If there are only a few items you need to compute, another option is to have a covering index: define an INDEX on you main differentiation field (the itemId) which INCLUDEs the fields you need to compute.
CREATE INDEX idxTest ON itemId INCLUDE quantity;
Applicative partitioning actually CAN be beneficial for query performance. In your case you have 50K items and 2G rows. You could for example create 500 tables, each named status_nnn where nnn is between 001 and 500 and "partition" your item statuses equally among these tables, where nnn is a function of the item id. This way, given an item id, you can limit your search a priori to 0.2% of the whole data (ca. 4M rows).
This approach has a lot of disadvantages, as you'll probably have to deal with dynamic sql and a other unpleasant issues, especially if you need to aggregate data from different tables.

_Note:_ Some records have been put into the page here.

lemma diag_block_mat_mult_concat_vec:
  assumes "\<And>j. j \<in> set js \<Longrightarrow> A j \<in> carrier_mat (d j) (d j)"
    and "\<And>j. j \<in> set js \<Longrightarrow> v j \<in> carrier_vec (d j)"
  shows "diag_block_mat (map A js) *\<^sub>v concat_vec (map v js) = concat_vec (map (\<lambda>j. A j *\<^sub>v v j) js)"
  using assms
proof (induction js)
  case Nil
  then show ?case by (auto intro!: eq_vecI)
next
  case (Cons j js)
  have A: "A j \<in> carrier_mat (d j) (d j)" and v: "v j \<in> carrier_vec (d j)"
    using Cons.prems by auto
  have D: "diag_block_mat (map A js) \<in> carrier_mat (\<Sum>j\<leftarrow>js. d j) (\<Sum>j\<leftarrow>js. d j)"
    using Cons.prems by (intro diag_block_mat_carrier) auto
  have V: "concat_vec (map v js) \<in> carrier_vec (\<Sum>j\<leftarrow>js. d j)"
    using Cons.prems by (intro concat_vec_carrier) auto
  have blocks: "diag_block_mat (A j # map A js) = four_block_mat (A j) (0\<^sub>m (d j) (\<Sum>j\<leftarrow>js. d j))
      (0\<^sub>m (\<Sum>j\<leftarrow>js. d j) (d j)) (diag_block_mat (map A js))"
    using A D by (simp only: diag_block_mat.simps Let_def carrier_matD)
  have IH: "diag_block_mat (map A js) *\<^sub>v concat_vec (map v js) = concat_vec (map (\<lambda>j. A j *\<^sub>v v j) js)"
    using Cons by simp
  show ?case
    unfolding blocks list.map concat_vec_Cons mult_mat_vec_split[OF A D v V] IH ..
qed

lemma poly_mat_vec_diag_block_mat:
  assumes "\<And>j. j \<in> set js \<Longrightarrow> A j \<in> carrier_mat (d j) (d j)"
    and "\<And>j. j \<in> set js \<Longrightarrow> v j \<in> carrier_vec (d j)"
  shows "poly_mat_vec p (diag_block_mat (map A js)) (concat_vec (map v js))
       = concat_vec (map (\<lambda>j. poly_mat_vec p (A j) (v j)) js)"
proof -
  have square: "Ball (set (map A js)) square_mat"
    by (simp add: carrier_matD[OF assms(1)])
  have power: "diag_block_mat (map A js) ^\<^sub>m i *\<^sub>v concat_vec (map v js)
      = concat_vec (map (\<lambda>j. A j ^\<^sub>m i *\<^sub>v v j) js)" for i
  proof -
    have pow: "diag_block_mat (map A js) ^\<^sub>m i = diag_block_mat (map (\<lambda>j. A j ^\<^sub>m i) js)"
      using diag_block_pow_mat[OF square, of i] by (simp only: map_map comp_def)
    have "diag_block_mat (map (\<lambda>j. A j ^\<^sub>m i) js) *\<^sub>v concat_vec (map v js)
        = concat_vec (map (\<lambda>j. A j ^\<^sub>m i *\<^sub>v v j) js)"
      by (rule diag_block_mat_mult_concat_vec[where d = d]) (blast intro: pow_carrier_mat assms)+
    then show ?thesis
      unfolding pow .
  qed
  have dim: "dim_vec (concat_vec (map v js)) = (\<Sum>j\<leftarrow>js. d j)"
    using concat_vec_carrier[of js v d] assms(2) by auto
  have "poly_mat_vec p (diag_block_mat (map A js)) (concat_vec (map v js))
      = vec (\<Sum>j\<leftarrow>js. d j) (\<lambda>r. \<Sum>i\<le>degree p. coeff p i * concat_vec (map (\<lambda>j. A j ^\<^sub>m i *\<^sub>v v j) js) $ r)"
    unfolding poly_mat_vec_def dim power ..
  also have "\<dots> = concat_vec (map (\<lambda>j. vec (d j) (\<lambda>r. \<Sum>i\<le>degree p. coeff p i * (A j ^\<^sub>m i *\<^sub>v v j) $ r)) js)"
    by (rule concat_vec_pointwise[where F = "\<lambda>f. \<Sum>i\<le>degree p. coeff p i * f i"])
      (metis mult_mat_vec_carrier pow_carrier_mat assms)
  also have "\<dots> = concat_vec (map (\<lambda>j. poly_mat_vec p (A j) (v j)) js)"
    unfolding poly_mat_vec_def
    by (intro arg_cong[where f = concat_vec] map_cong) (simp_all add: carrier_vecD[OF assms(2)])
  finally show ?thesis .
qed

BUT, it will definitely improve performance for certain queries, s.a. the ones you mention.
Essentially applicative partitioning is similar to creating a very wide and flat index, optimized for very specific queries w/o duplicating the data.
Another benefit of applicative partitioning is that you could in theory (depending on your use case) distribute your data among different databases and even different servers. Again, this depends very much on your specific requirements, but I've seen and worked with huge data sets (billions of rows) where applicative partitioning worked very well.